> **What the exercise asks**: Within the records below, find each line with the word "ultimately" and copy it out.

> **Provided entries**:
==============================

(* Let $L$ be a positive integer and let $(\mathbf{F},\mathbf{G})$ be an eigencomplementary pair of matrices $\mathbf{F},\mathbf{G}\in\mathbb{R}^{L\times L}$. Then: (1) if $\mathbf{F}$ is regular (invertible), then $\mathbf{F}^{-1}\mathbf{G}$ is negative semi-definite; (2) if $\mathbf{G}$ is regular, then $\mathbf{F}\mathbf{G}^{-1}$ is negative semi-definite.
   Context: A pair $(\mathbf{F},\mathbf{G})$ of real symmetric $L\times L$ matrices is called eigencomplementary if $\mathbf{F}$ is negative semi-definite, $\mathbf{G}$ is positive semi-definite, $\mathbf{F}$ and $\mathbf{G}$ have a common basis of eigenvectors of $\mathbb{R}^L$, and, in the case that $\mathbf{F}$ and $\mathbf{G}$ are both singular, additionally $\bigoplus_{\xi\in\sigma(\mathbf{F}),\,\xi<0}\operatorname{Eig}_{\mathbf{F}}(\xi)=\operatorname{Eig}_{\mathbf{G}}(0)$, where $\sigma(\cdot)$ denotes the spectrum and $\operatorname{Eig}_{\mathbf{M}}(\xi)$ the eigenspace of $\mathbf{M}$ for the eigenvalue $\xi$. *)

theory Defs
  imports "HOL-Analysis.Analysis"
begin

text \<open>Real L x L matrices are rendered as real^'n^'n with L = CARD('n).\<close>

definition sym_mat :: "real^'n^'n \<Rightarrow> bool" where
  "sym_mat A \<longleftrightarrow> transpose A = A"

definition pos_semidef :: "real^'n^'n \<Rightarrow> bool" where
  "pos_semidef A \<longleftrightarrow> (\<forall>x. 0 \<le> x \<bullet> (A *v x))"

definition neg_semidef :: "real^'n^'n \<Rightarrow> bool" where
  "neg_semidef A \<longleftrightarrow> (\<forall>x. x \<bullet> (A *v x) \<le> 0)"

definition is_eigenvector :: "real^'n^'n \<Rightarrow> real^'n \<Rightarrow> bool" where
  "is_eigenvector A v \<longleftrightarrow> v \<noteq> 0 \<and> (\<exists>\<xi>. A *v v = \<xi> *\<^sub>R v)"

definition mat_spectrum :: "real^'n^'n \<Rightarrow> real set" where
  "mat_spectrum A = {\<xi>. \<exists>v. v \<noteq> 0 \<and> A *v v = \<xi> *\<^sub>R v}"

definition eigenspace :: "real^'n^'n \<Rightarrow> real \<Rightarrow> (real^'n) set" where
  "eigenspace A \<xi> = {v. A *v v = \<xi> *\<^sub>R v}"

text \<open>The (internal, necessarily direct) sum of the eigenspaces of F for negative
  eigenvalues is the span of their union.\<close>

definition eigencomplementary :: "real^'n^'n \<Rightarrow> real^'n^'n \<Rightarrow> bool" where
  "eigencomplementary F G \<longleftrightarrow>
     sym_mat F \<and> sym_mat G \<and> neg_semidef F \<and> pos_semidef G \<and>
     (\<exists>B. independent B \<and> span B = UNIV \<and>
          (\<forall>v\<in>B. is_eigenvector F v \<and> is_eigenvector G v)) \<and>
     ((\<not> invertible F \<and> \<not> invertible G) \<longrightarrow>
        span (\<Union>\<xi>\<in>{\<xi>\<in>mat_spectrum F. \<xi> < 0}. eigenspace F \<xi>) = eigenspace G 0)"

end

theory Submission
  imports Defs
begin

text \<open>A common eigenbasis makes \<open>F\<close> and \<open>G\<close> commute, so \<open>F\<^sup>-\<^sup>1 G\<close> and
  \<open>F G\<^sup>-\<^sup>1 = G\<^sup>-\<^sup>1 F\<close> are symmetric, and every basis vector is an eigenvector of them with
  eigenvalue \<open>b / a\<close> resp. \<open>a / b\<close>, where \<open>a \<le> 0\<close> and \<open>b \<ge> 0\<close> are its eigenvalues for
  \<open>F\<close> and \<open>G\<close>. A symmetric matrix with a spanning set of eigenvectors for nonpositive
  eigenvalues is negative semi-definite, since eigenvectors for distinct eigenvalues are
  orthogonal.\<close>

lemma sym_mat_inner_matrix_vector_mult:
  fixes M :: "real^'n^'n"
  assumes "sym_mat M"
  shows "(M *v x) \<bullet> y = x \<bullet> (M *v y)"
proof -
  have "x \<bullet> (M *v y) = (x v* M) \<bullet> y" by (simp add: dot_lmul_matrix)
  also have "x v* M = transpose M *v x" by simp
  finally show ?thesis using assms unfolding sym_mat_def by simp
qed

lemma sym_mat_eigenvectors_orthogonal:
  fixes M :: "real^'n^'n"
  assumes "sym_mat M" "M *v v = a *\<^sub>R v" "M *v w = b *\<^sub>R w" "a \<noteq> b"
  shows "v \<bullet> w = 0"
proof -
  have "(M *v v) \<bullet> w = v \<bullet> (M *v w)"
    using assms(1) by (rule sym_mat_inner_matrix_vector_mult)
  then have "a * (v \<bullet> w) = b * (v \<bullet> w)" using assms(2,3) by simp
  then show ?thesis using assms(4) by simp
qed

lemma sym_mat_sum_eigenvectors_quadratic_form_nonpos:
  fixes M :: "real^'n^'n"
  assumes sym: "sym_mat M" and "finite S"
    and eigen: "\<And>m. m \<in> S \<Longrightarrow> M *v y m = m *\<^sub>R y m"
    and nonpos: "\<And>m. m \<in> S \<Longrightarrow> m \<le> 0"
  shows "(\<Sum>m\<in>S. y m) \<bullet> (M *v (\<Sum>m\<in>S. y m)) \<le> 0"
proof -
  have orth: "y m \<bullet> y k = 0" if "m \<in> S" "k \<in> S" "m \<noteq> k" for m k
    using sym eigen[OF that(1)] eigen[OF that(2)] that(3)
    by (rule sym_mat_eigenvectors_orthogonal)
  have "M *v (\<Sum>m\<in>S. y m) = (\<Sum>m\<in>S. m *\<^sub>R y m)"
    using eigen by (simp add: vec.sum)
  then have "(\<Sum>m\<in>S. y m) \<bullet> (M *v (\<Sum>m\<in>S. y m)) = (\<Sum>k\<in>S. \<Sum>m\<in>S. k * (y m \<bullet> y k))"
    by (simp add: inner_sum_left inner_sum_right sum_distrib_left)
  also have "\<dots> = (\<Sum>k\<in>S. \<Sum>m\<in>S. if k = m then k * (y k \<bullet> y k) else 0)"
    by (intro sum.cong refl) (auto simp: orth)
  also have "\<dots> = (\<Sum>k\<in>S. k * (y k \<bullet> y k))"
    using \<open>finite S\<close> by simp
  also have "\<dots> \<le> 0"
    using nonpos by (intro sum_nonpos mult_nonpos_nonneg) auto
  finally show ?thesis .
qed

lemma neg_semidef_if_spanning_eigenvectors:
  fixes M :: "real^'n^'n"
  assumes sym: "sym_mat M" and "span B = UNIV"
    and eigen: "\<And>v. v \<in> B \<Longrightarrow> M *v v = \<mu> v *\<^sub>R v"
    and nonpos: "\<And>v. v \<in> B \<Longrightarrow> \<mu> v \<le> 0"
  shows "neg_semidef M"
  unfolding neg_semidef_def
proof
  fix x :: "real^'n"
  have "x \<in> span B" using \<open>span B = UNIV\<close> by simp
  then obtain t r where t: "finite t" "t \<subseteq> B" and x: "x = (\<Sum>v\<in>t. r v *\<^sub>R v)"
    unfolding span_explicit by blast
  define y where "y m = (\<Sum>v\<in>{v\<in>t. \<mu> v = m}. r v *\<^sub>R v)" for m
  have x_sum: "x = (\<Sum>m\<in>\<mu> ` t. y m)"
    unfolding x y_def by (rule sum.image_gen[OF t(1)])
  have "M *v y m = m *\<^sub>R y m" for m
  proof -
    have "M *v y m = (\<Sum>v\<in>{v\<in>t. \<mu> v = m}. r v *\<^sub>R (M *v v))"
      unfolding y_def by (simp add: vec.sum matrix_vector_mult_scaleR)
    also have "\<dots> = (\<Sum>v\<in>{v\<in>t. \<mu> v = m}. m *\<^sub>R (r v *\<^sub>R v))"
      using eigen t(2) by (intro sum.cong refl) auto
    also have "\<dots> = m *\<^sub>R y m"
      unfolding y_def by (simp add: scaleR_sum_right)
    finally show ?thesis .
  qed
  moreover have "m \<le> 0" if "m \<in> \<mu> ` t" for m
    using that nonpos t(2) by auto
  ultimately show "x \<bullet> (M *v x) \<le> 0"
    unfolding x_sum using sym t(1)
    by (intro sym_mat_sum_eigenvectors_quadratic_form_nonpos) auto
qed

lemma matrix_mul_commute_if_spanning_common_eigenvectors:
  fixes A C :: "real^'n^'n"
  assumes "span B = UNIV"
    and "\<And>v. v \<in> B \<Longrightarrow> A *v v = \<alpha> v *\<^sub>R v"
    and "\<And>v. v \<in> B \<Longrightarrow> C *v v = \<gamma> v *\<^sub>R v"
  shows "A ** C = C ** A"
proof -
  have "(A ** C) *v v = (C ** A) *v v" if "v \<in> B" for v
    using assms(2,3)[OF that]
    by (simp add: matrix_vector_mul_assoc[symmetric] matrix_vector_mult_scaleR)
  then have "(A ** C) *v x = (C ** A) *v x" for x
    using linear_eq_on_span[OF matrix_vector_mul_linear matrix_vector_mul_linear, of B]
      \<open>span B = UNIV\<close> by blast
  then show ?thesis by (simp add: matrix_eq)
qed

lemma matrix_inv_left:
  fixes A :: "real^'n^'n"
  assumes "invertible A"
  shows "matrix_inv A ** A = mat 1"
  using assms unfolding invertible_def matrix_inv_def by (rule someI2_ex) simp

lemma matrix_inv_right:
  fixes A :: "real^'n^'n"
  assumes "invertible A"
  shows "A ** matrix_inv A = mat 1"
  using assms unfolding invertible_def matrix_inv_def by (rule someI2_ex) simp

lemma sym_mat_matrix_inv:
  fixes A :: "real^'n^'n"
  assumes "invertible A" "sym_mat A"
  shows "sym_mat (matrix_inv A)"
proof -
  let ?X = "transpose (matrix_inv A)"
  have "?X ** A = mat 1"
    using matrix_inv_right[OF assms(1)] assms(2) unfolding sym_mat_def
    by (metis matrix_transpose_mul transpose_mat)
  have "?X = ?X ** (A ** matrix_inv A)"
    by (simp add: matrix_inv_right[OF assms(1)])
  also have "\<dots> = matrix_inv A"
    using \<open>?X ** A = mat 1\<close> by (simp add: matrix_mul_assoc)
  finally show ?thesis unfolding sym_mat_def .
qed

lemma matrix_inv_mul_commute:
  fixes A C :: "real^'n^'n"
  assumes "invertible A" "A ** C = C ** A"
  shows "matrix_inv A ** C = C ** matrix_inv A"
proof -
  have "matrix_inv A ** C = matrix_inv A ** C ** (A ** matrix_inv A)"
    by (simp add: matrix_inv_right[OF assms(1)])
  also have "\<dots> = matrix_inv A ** (A ** C) ** matrix_inv A"
    using assms(2) by (simp add: matrix_mul_assoc)
  also have "\<dots> = matrix_inv A ** A ** C ** matrix_inv A"
    by (simp add: matrix_mul_assoc)
  also have "\<dots> = C ** matrix_inv A"
    by (simp add: matrix_inv_left[OF assms(1)])
  finally show ?thesis .
qed

lemma matrix_inv_eigenvector:
  fixes A :: "real^'n^'n"
  assumes "invertible A" "v \<noteq> 0" "A *v v = a *\<^sub>R v"
  shows "a \<noteq> 0" and "matrix_inv A *v v = inverse a *\<^sub>R v"
proof -
  have v: "v = a *\<^sub>R (matrix_inv A *v v)"
    by (metis assms(1,3) matrix_inv_left matrix_vector_mul_assoc matrix_vector_mul_lid
        matrix_vector_mult_scaleR)
  then show "a \<noteq> 0" using assms(2) by auto
  then show "matrix_inv A *v v = inverse a *\<^sub>R v"
    by (subst v) simp
qed

lemma neg_semidef_matrix_inv_mul:
  fixes A C :: "real^'n^'n"
  assumes "sym_mat A" "sym_mat C" "invertible A" "span B = UNIV" "0 \<notin> B"
    and eigen_A: "\<And>v. v \<in> B \<Longrightarrow> A *v v = \<alpha> v *\<^sub>R v"
    and eigen_C: "\<And>v. v \<in> B \<Longrightarrow> C *v v = \<gamma> v *\<^sub>R v"
    and opposite_signs: "\<And>v. v \<in> B \<Longrightarrow> \<alpha> v * \<gamma> v \<le> 0"
  shows "neg_semidef (matrix_inv A ** C)"
proof (rule neg_semidef_if_spanning_eigenvectors)
  have "A ** C = C ** A"
    using assms(4) eigen_A eigen_C by (rule matrix_mul_commute_if_spanning_common_eigenvectors)
  then show "sym_mat (matrix_inv A ** C)"
    using sym_mat_matrix_inv[OF assms(3,1)] assms(2) matrix_inv_mul_commute[OF assms(3)]
    unfolding sym_mat_def by (simp add: matrix_transpose_mul)
  show "(matrix_inv A ** C) *v v = (\<gamma> v / \<alpha> v) *\<^sub>R v" if "v \<in> B" for v
  proof -
    have "matrix_inv A *v v = inverse (\<alpha> v) *\<^sub>R v"
      using matrix_inv_eigenvector(2)[OF assms(3) _ eigen_A[OF that]] that assms(5) by auto
    then show ?thesis
      using eigen_C[OF that]
      by (simp add: matrix_vector_mul_assoc[symmetric] matrix_vector_mult_scaleR divide_inverse)
  qed
  show "\<gamma> v / \<alpha> v \<le> 0" if "v \<in> B" for v
    using opposite_signs[OF that] by (auto simp: divide_le_0_iff mult_le_0_iff)
qed (use assms(4) in simp)

lemma eigenvalue_nonpos_if_neg_semidef:
  fixes A :: "real^'n^'n"
  assumes "neg_semidef A" "v \<noteq> 0" "A *v v = a *\<^sub>R v"
  shows "a \<le> 0"
proof -
  have "a * (v \<bullet> v) \<le> 0"
    using assms(1,3) unfolding neg_semidef_def by (metis inner_scaleR_right)
  moreover have "0 < v \<bullet> v" using assms(2) by simp
  ultimately show ?thesis by (simp add: mult_le_0_iff)
qed

lemma eigenvalue_nonneg_if_pos_semidef:
  fixes A :: "real^'n^'n"
  assumes "pos_semidef A" "v \<noteq> 0" "A *v v = a *\<^sub>R v"
  shows "0 \<le> a"
proof -
  have "0 \<le> a * (v \<bullet> v)"
    using assms(1,3) unfolding pos_semidef_def by (metis inner_scaleR_right)
  moreover have "0 < v \<bullet> v" using assms(2) by simp
  ultimately show ?thesis by (simp add: zero_le_mult_iff)
qed

theorem lemma2p5:
  fixes F G :: "real^'n^'n"
  assumes "eigencomplementary F G"
  shows "(invertible F \<longrightarrow> neg_semidef (matrix_inv F ** G)) \<and>
         (invertible G \<longrightarrow> neg_semidef (F ** matrix_inv G))"
proof -
  obtain B where sym: "sym_mat F" "sym_mat G" and "neg_semidef F" "pos_semidef G"
    and "span B = UNIV" and eigen: "\<forall>v\<in>B. is_eigenvector F v \<and> is_eigenvector G v"
    using assms unfolding eigencomplementary_def by blast
  then obtain \<alpha> \<gamma> where "0 \<notin> B"
    and eigen_F: "\<And>v. v \<in> B \<Longrightarrow> F *v v = \<alpha> v *\<^sub>R v"
    and eigen_G: "\<And>v. v \<in> B \<Longrightarrow> G *v v = \<gamma> v *\<^sub>R v"
    unfolding is_eigenvector_def by metis
  have "\<alpha> v * \<gamma> v \<le> 0" if "v \<in> B" for v
    using eigenvalue_nonpos_if_neg_semidef[OF \<open>neg_semidef F\<close> _ eigen_F]
      eigenvalue_nonneg_if_pos_semidef[OF \<open>pos_semidef G\<close> _ eigen_G] that \<open>0 \<notin> B\<close>
    by (metis mult_nonpos_nonneg)
  moreover have "F ** matrix_inv G = matrix_inv G ** F" if "invertible G"
    using matrix_inv_mul_commute[OF that]
      matrix_mul_commute_if_spanning_common_eigenvectors[OF \<open>span B = UNIV\<close> eigen_G eigen_F]
    by simp
  ultimately show ?thesis
    using neg_semidef_matrix_inv_mul[OF sym _ \<open>span B = UNIV\<close> \<open>0 \<notin> B\<close> eigen_F eigen_G]
      neg_semidef_matrix_inv_mul[OF sym(2,1) _ \<open>span B = UNIV\<close> \<open>0 \<notin> B\<close> eigen_G eigen_F]
    by (auto simp: mult.commute)
qed

end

==============================

> **Exercise output**:
  ultimately show "x \<bullet> (M *v x) \<le> 0"
  ultimately show ?thesis by (simp add: mult_le_0_iff)
  ultimately show ?thesis by (simp add: zero_le_mult_iff)
  ultimately show ?thesis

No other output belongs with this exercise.